Snake: It’s What’s For Dinner

Mar 19, 2024

Feeling sustainable? You might consider a main course that’s a little… different.


If it doesn’t bite (or squeeze) you first.


Plating up pythons: Researchers in Thailand and Vietnam recently conducted a study suggesting that python meat may be the answer to our global food crisis.


With many folks around the world concerned about the sustainability of a protein diet centered around beef, pork, and chicken, these scientists showed that python meat may be a great alternative (or addition).


According to the researchers, “our study suggests that python farming can not only complement existing livestock systems, but may offer better returns in terms of production efficiencies.”

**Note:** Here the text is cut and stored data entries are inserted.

lemma U_eq_swap:
  fixes T :: "'a set"
  assumes "x \<in> letters T" "y \<in> letters T"
  shows "([x, y], [y, x]) \<in> U_eq T"
proof -
  obtain t b s b' where x: "x = (t, b)" and y: "y = (s, b')" and ts: "t \<in> T" "s \<in> T"
    using assms by auto
  have "([x, y], [(t, True), y]) \<in> U_eq T"
    using U_eq_suffix[OF U_eq_positive_letter[OF ts(1)], of "[y]"] x assms by simp
  also have "([(t, True), y], [(t, True), (s, True)]) \<in> U_eq T"
    using U_eq_prefix[OF U_eq_positive_letter[OF ts(2)], of "[(t, True)]"] y ts by simp
  also have "([(t, True), (s, True)], [(s, True), (t, True)]) \<in> U_eq T"
    by (rule U_eq_swap_positive[OF ts])
  also have "([(s, True), (t, True)], [y, (t, True)]) \<in> U_eq T"
    using U_eq.sym[OF U_eq_suffix[OF U_eq_positive_letter[OF ts(2)], of "[(t, True)]"]] y ts by simp
  also have "([y, (t, True)], [y, x]) \<in> U_eq T"
    using U_eq.sym[OF U_eq_prefix[OF U_eq_positive_letter[OF ts(1)], of "[y]"]] x assms by simp
  finally show ?thesis .
qed

lemma U_eq_rotate:
  fixes T :: "'a set"
  assumes "x \<in> letters T" "set p \<subseteq> letters T"
  shows "(x # p, p @ [x]) \<in> U_eq T"
  using assms(2)
proof (induction p)
  case Nil
  then show ?case using U_eq.refl[of "[x]" T] assms by simp
next
  case (Cons y p)
  have "([x, y] @ p, [y, x] @ p) \<in> U_eq T"
    using U_eq_suffix[OF U_eq_swap[OF assms(1)], of y p] Cons by simp
  moreover have "([y] @ (x # p), [y] @ (p @ [x])) \<in> U_eq T"
    using U_eq_prefix[OF Cons.IH, of "[y]"] Cons by simp
  ultimately show ?case
    using U_eq.trans by fastforce
qed

lemma U_eq_cancel_same_letters:
  fixes T :: "'a set"
  assumes "x \<in> letters T" "set p \<subseteq> letters T" "y \<in> letters T" "set q \<subseteq> letters T"
    and "fst x = fst y"
  shows "(x # p @ y # q, p @ q) \<in> U_eq T"
proof -
  obtain t b b' where x: "x = (t, b)" and y: "y = (t, b')" and t: "t \<in> T"
    using assms by (cases x; cases y) auto
  have "([x, y], [(t, True), y]) \<in> U_eq T"
    using U_eq_suffix[OF U_eq_positive_letter[OF t, of b], of "[y]"] x assms by simp
  also have "([(t, True), y], [(t, True), (t, True)]) \<in> U_eq T"
    using U_eq_prefix[OF U_eq_positive_letter[OF t, of b'], of "[(t, True)]"] y t by simp
  also have "([(t, True), (t, True)], []) \<in> U_eq T"
    by (rule U_eq_square[OF t])
  finally have "(p @ [x, y] @ q, p @ [] @ q) \<in> U_eq T"
    by (rule U_eq_context[OF _ assms(2,4)])
  moreover have "((x # p) @ (y # q), (p @ [x]) @ (y # q)) \<in> U_eq T"
    using U_eq_suffix[OF U_eq_rotate[OF assms(1,2)], of "y # q"] assms by simp
  ultimately show ?thesis
    using U_eq.trans by fastforce
qed

lemma U_eq_Nil_if_even_letter_counts:
  fixes T :: "'a set"
  shows "set z \<subseteq> letters T \<Longrightarrow> \<forall>t. even (letter_count z t) \<Longrightarrow> (z, []) \<in> U_eq T"
proof (induction "length z" arbitrary: z rule: less_induct)
  case less
  show ?case
  proof (cases z)
    case Nil
    then show ?thesis by (simp add: U_eq.refl)
  next
    case (Cons x z1)
    have "odd (letter_count z1 (fst x))"
      using less.prems(2)[rule_format, of "fst x"] Cons by (simp add: letter_count_def)
    then have "letter_count z1 (fst x) \<noteq> 0"
      by (metis even_zero)
    then obtain y where y: "y \<in> set z1" "fst y = fst x"
      by (auto simp: letter_count_def filter_empty_conv)
    obtain p q where z1: "z1 = p @ y # q"
      using split_list[OF y(1)] by blast
    have "(z, p @ q) \<in> U_eq T"
      using U_eq_cancel_same_letters[of x T p y q] less.prems Cons z1 y by auto
    moreover have "(p @ q, []) \<in> U_eq T"
    proof (rule less.hyps)
      show "length (p @ q) < length z" "set (p @ q) \<subseteq> letters T"
        using less.prems Cons z1 by auto
      show "\<forall>t. even (letter_count (p @ q) t)"
      proof
        fix t
        have "letter_count z t = letter_count (p @ q) t + (if fst x = t then 2 else 0)"
          using Cons z1 y by (auto simp: letter_count_def)
        then show "even (letter_count (p @ q) t)"
          using less.prems(2)[rule_format, of t] by (cases "fst x = t") auto
      qed
    qed
    ultimately show ?thesis
      using U_eq.trans by blast
  qed
qed

lemma U_eq_distinct_letters:
  fixes T :: "'a set"
  shows "set z \<subseteq> letters T \<Longrightarrow>
    \<exists>z'. (z, z') \<in> U_eq T \<and> distinct (map fst z') \<and> set z' \<subseteq> letters T \<and> length z' \<le> length z"
proof (induction "length z" arbitrary: z rule: less_induct)
  case less
  show ?case
  proof (cases z)
    case Nil
    then show ?thesis by (auto intro: U_eq.refl)
  next
    case (Cons x z1)
    obtain z1' where z1': "(z1, z1') \<in> U_eq T" "distinct (map fst z1')" "set z1' \<subseteq> letters T"
      "length z1' \<le> length z1"
      using less.hyps[of z1] less.prems Cons by auto
    have x: "x \<in> letters T"
      using less.prems Cons by auto
    have xz1: "([x] @ z1, [x] @ z1') \<in> U_eq T"
      by (rule U_eq_prefix[OF z1'(1)]) (use x in auto)
    show ?thesis
    proof (cases "fst x \<in> fst ` set z1'")
      case True
      then obtain y where y: "y \<in> set z1'" "fst y = fst x"
        by auto
      obtain p q where pq: "z1' = p @ y # q"
        using split_list[OF y(1)] by blast
      have "(x # z1', p @ q) \<in> U_eq T"
        using U_eq_cancel_same_letters[of x T p y q] z1'(3) x pq y by auto
      moreover obtain z'' where z'': "(p @ q, z'') \<in> U_eq T" "distinct (map fst z'')"
        "set z'' \<subseteq> letters T" "length z'' \<le> length (p @ q)"
        using less.hyps[of "p @ q"] z1'(3,4) pq Cons by force
      ultimately have "(z, z'') \<in> U_eq T"
        using U_eq.trans[OF xz1[simplified]] U_eq.trans Cons by metis
      then show ?thesis
        using z'' z1'(4) pq Cons by (intro exI[of _ z'']) auto
    next
      case False
      then show ?thesis
        using xz1 z1' x Cons by (intro exI[of _ "x # z1'"]) auto
    qed
  qed
qed

lemma U_eq_even_letter_count_iff:
  fixes T :: "'a set"
  assumes "(w, w') \<in> U_eq T"
  shows "even (letter_count w t) \<longleftrightarrow> even (letter_count w' t)"
  using assms
proof (induction rule: U_eq.induct)
  case (cancel u v s b)
  then show ?case by (auto simp: letter_count_def)
next
  case (relator u v r)
  then obtain t0 s where "r = [(t0, True), (t0, True)] \<or>
      r = [(t0, True), (s, True), (t0, False), (t0 + t0 - s, False)]"
    unfolding U_relators_def by blast
  moreover have "t0 + t0 - s = s"
    by (simp add: add_self_zero diff_eq_add)
  ultimately have "even (letter_count r t)"
    by (auto simp: letter_count_def)
  moreover have "letter_count (u @ r @ v) t = letter_count (u @ v) t + letter_count r t"
    by (simp add: letter_count_def)
  ultimately show ?case by simp
qed auto

lemma U_eq_double_Nil:
  fixes T :: "'a set"
  shows "set w \<subseteq> letters T \<Longrightarrow> (w @ w, []) \<in> U_eq T"
  by (rule U_eq_Nil_if_even_letter_counts) (auto simp: letter_count_def)

end

section \<open>Evaluating words in W\<close>

definition letter_sum :: "('a::ab_group_add \<times> bool) list \<Rightarrow> 'a" where
  "letter_sum w = (\<Sum>x\<leftarrow>w. fst x)"

definition cross_frag :: "('a \<times> bool) list \<Rightarrow> ('a \<times> bool) list \<Rightarrow> ('a \<times> 'a \<Rightarrow>\<^sub>0 int)" where
  "cross_frag u v = (\<Sum>x\<leftarrow>u. \<Sum>y\<leftarrow>v. fpair (fst x) (fst y))"

fun pair_frag :: "('a \<times> bool) list \<Rightarrow> ('a \<times> 'a \<Rightarrow>\<^sub>0 int)" where
  "pair_frag [] = 0"
| "pair_frag (x # w) = (\<Sum>y\<leftarrow>w. fpair (fst x) (fst y)) + pair_frag w"

definition square_frag :: "('a \<times> bool) list \<Rightarrow> ('a \<times> 'a \<Rightarrow>\<^sub>0 int)" where
  "square_frag w = (\<Sum>x\<leftarrow>w. fpair (fst x) (fst x))"

text \<open>The image of the word x_1 \<dots> x_n under t \<mapsto> (0, t, -1): the first component is
  \<Sum>_{i<j} x_i \<and> x_j because the sign action -g = g of G is trivial.\<close>
definition word_eval :: "('a::ab_group_add \<times> bool) list \<Rightarrow> ('a \<times> 'a \<Rightarrow>\<^sub>0 int) set \<times> 'a \<times> int" where
  "word_eval w = (ker_wedge #>\<^bsub>FA\<^esub> pair_frag w, letter_sum w, (-1) ^ length w)"

lemma letter_sum_simps [simp]:
  "letter_sum [] = 0" "letter_sum (x # w) = fst x + letter_sum w"
  "letter_sum (u @ v) = letter_sum u + letter_sum v"
  by (auto simp: letter_sum_def)

lemma cross_frag_Cons_left: "cross_frag (x # u) v = (\<Sum>y\<leftarrow>v. fpair (fst x) (fst y)) + cross_frag u v"
  by (simp add: cross_frag_def)

lemma cross_frag_Cons_right: "cross_frag u (y # v) = (\<Sum>x\<leftarrow>u. fpair (fst x) (fst y)) + cross_frag u v"
  by (induction u) (auto simp: cross_frag_def)

lemma cross_frag_append_left: "cross_frag (u @ u') v = cross_frag u v + cross_frag u' v"
  by (simp add: cross_frag_def)

lemma cross_frag_append_right: "cross_frag u (v @ v') = cross_frag u v + cross_frag u v'"
  by (induction u) (auto simp: cross_frag_def)

lemma pair_frag_append: "pair_frag (u @ v) = pair_frag u + pair_frag v + cross_frag u v"
  by (induction u) (auto simp: cross_frag_Cons_left cross_frag_def)

lemma cross_frag_bilinear: "cross_frag u v - fpair (letter_sum u) (letter_sum v) \<in> ker_tensor"
proof (induction u)
  case Nil
  then show ?case using ker_tensor_zero_left by (simp add: cross_frag_def)
next
  case (Cons x u)
  have "fpair (fst x) (letter_sum v) - (\<Sum>y\<leftarrow>v. fpair (fst x) (fst y)) \<in> ker_tensor"
    using ker_tensor_sum_list_right[of "fst x" fst v] by (simp add: letter_sum_def)
  then have head: "(\<Sum>y\<leftarrow>v. fpair (fst x) (fst y)) - fpair (fst x) (letter_sum v) \<in> ker_tensor"
    by (metis generate_FA_uminus_iff minus_diff_eq)
  have "((\<Sum>y\<leftarrow>v. fpair (fst x) (fst y)) - fpair (fst x) (letter_sum v))
      + (cross_frag u v - fpair (letter_sum u) (letter_sum v))
      - (fpair (fst x + letter_sum u) (letter_sum v) - fpair (fst x) (letter_sum v)
         - fpair (letter_sum u) (letter_sum v)) \<in> ker_tensor"
    by (rule generate_FA_diff[OF generate_FA_add[OF head Cons.IH] ker_tensor_left])
  then show ?case
    by (simp add: cross_frag_Cons_left algebra_simps)
qed

lemma symmetrize_pair_frag: "symmetrize (pair_frag w) + square_frag w = cross_frag w w"
proof (induction w)
  case (Cons x w)
  have "cross_frag (x # w) (x # w) = fpair (fst x) (fst x) + (\<Sum>y\<leftarrow>w. fpair (fst x) (fst y))
      + ((\<Sum>y\<leftarrow>w. fpair (fst y) (fst x)) + cross_frag w w)"
    by (simp add: cross_frag_Cons_left cross_frag_Cons_right)
  moreover have "symmetrize (pair_frag (x # w)) = (\<Sum>y\<leftarrow>w. fpair (fst x) (fst y))
      + (\<Sum>y\<leftarrow>w. fpair (fst y) (fst x)) + symmetrize (pair_frag w)"
    by (simp add: symmetrize_add symmetrize_sum_list sum_list_addf)
  ultimately show ?case
    using Cons by (simp add: square_frag_def algebra_simps)
qed (simp add: square_frag_def cross_frag_def)

lemma word_eval_Nil: "word_eval [] = \<one>\<^bsub>amb_grp\<^esub>"
  by (simp add: word_eval_def amb_grp_def wedge_grp_def FA_rcos_zero)

lemma word_eval_single: "word_eval [x] = W_gen (fst x)"
  by (simp add: word_eval_def W_gen_def wedge_grp_def FA_rcos_zero)

lemma word_eval_eq_Nil_iff:
  "word_eval z = word_eval [] \<longleftrightarrow> pair_frag z \<in> ker_wedge \<and> letter_sum z = 0 \<and> even (length z)"
proof -
  have "ker_wedge #>\<^bsub>FA\<^esub> pair_frag z = ker_wedge #>\<^bsub>FA\<^esub> 0 \<longleftrightarrow> pair_frag z \<in> ker_wedge"
    by (simp add: FA_rcos_eq_iff)
  moreover have "(-1::int) ^ length z = 1 \<longleftrightarrow> even (length z)"
    by (cases "even (length z)") auto
  ultimately show ?thesis
    by (auto simp: word_eval_def FA_rcos_zero)
qed

context elem_abelian_2
begin

lemma word_eval_append:
  fixes u v :: "('a \<times> bool) list"
  shows "word_eval u \<otimes>\<^bsub>amb_grp\<^esub> word_eval v = word_eval (u @ v)"
proof -
  have eq: "pair_frag u + pair_frag v + fpair (letter_sum u) (letter_sum v) - pair_frag (u @ v)
      = - (cross_frag u v - fpair (letter_sum u) (letter_sum v))"
    by (simp add: pair_frag_append)
  have "pair_frag u + pair_frag v + fpair (letter_sum u) (letter_sum v) - pair_frag (u @ v) \<in> ker_wedge"
    unfolding eq generate_FA_uminus_iff by (rule ker_wedge_if_ker_tensor[OF cross_frag_bilinear])
  then have "ker_wedge #>\<^bsub>FA\<^esub> (pair_frag u + pair_frag v + fpair (letter_sum u) (letter_sum v))
      = ker_wedge #>\<^bsub>FA\<^esub> pair_frag (u @ v)"
    by (simp only: FA_rcos_eq_iff)
  then show ?thesis
    by (simp add: word_eval_def amb_grp_def wedge_grp_def wedge_elt_def sact_def FA_rcos_mult power_add)
qed

lemma word_eval_insert:
  fixes r u v :: "('a \<times> bool) list"
  assumes "pair_frag r \<in> ker_wedge" "letter_sum r = 0" "even (length r)"
  shows "word_eval (u @ r @ v) = word_eval (u @ v)"
proof -
  have "pair_frag (u @ r @ v) - pair_frag (u @ v) = pair_frag r
      + (cross_frag r v - fpair (letter_sum r) (letter_sum v)) + fpair 0 (letter_sum v)
      + (cross_frag u r - fpair (letter_sum u) (letter_sum r)) + fpair (letter_sum u) 0"
    using assms(2) by (simp add: pair_frag_append cross_frag_append_left cross_frag_append_right algebra_simps)
  also have "\<dots> \<in> ker_wedge"
    by (intro generate_FA_add assms(1) ker_wedge_if_ker_tensor cross_frag_bilinear
        ker_tensor_zero_left ker_tensor_zero_right)
  finally have "ker_wedge #>\<^bsub>FA\<^esub> pair_frag (u @ r @ v) = ker_wedge #>\<^bsub>FA\<^esub> pair_frag (u @ v)"
    by (simp add: FA_rcos_eq_iff)
  then show ?thesis
    using assms(2,3) by (simp add: word_eval_def power_add)
qed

According to Daniel Natusch, one of the leading researchers, the snakes “outperformed all mainstream agricultural species studied to date [regarding] some of the most important sustainability criteria.”


Because of the efficiency and inputs of this “livestock” species, raising snakes is apparently way less carbon-intensive than raising other animals. “These animals are extremely good converters of food,” noted Patrick Aust, another project lead. “They are specialists at making the most of very little.”


During the study, the snakes were fed weekly and measured and weighed over a 12-month period. On average, they gained 46 grams each day.


Along with a massive rate of gain, the females also produce 50-100 eggs each year… way more babies than a sow or cow.


Tastes like chicken? Maybe, but it definitely looks like chicken. According to Aust, a field-dressed python produces “two enormous slabs of white meat very similar to a chicken filet.”


And although snake meat is a staple in some tropical regions, the buy-in for North Americans and Europeans may be a bit, um, slow.


So, is snake the meat of the future? We’ll see.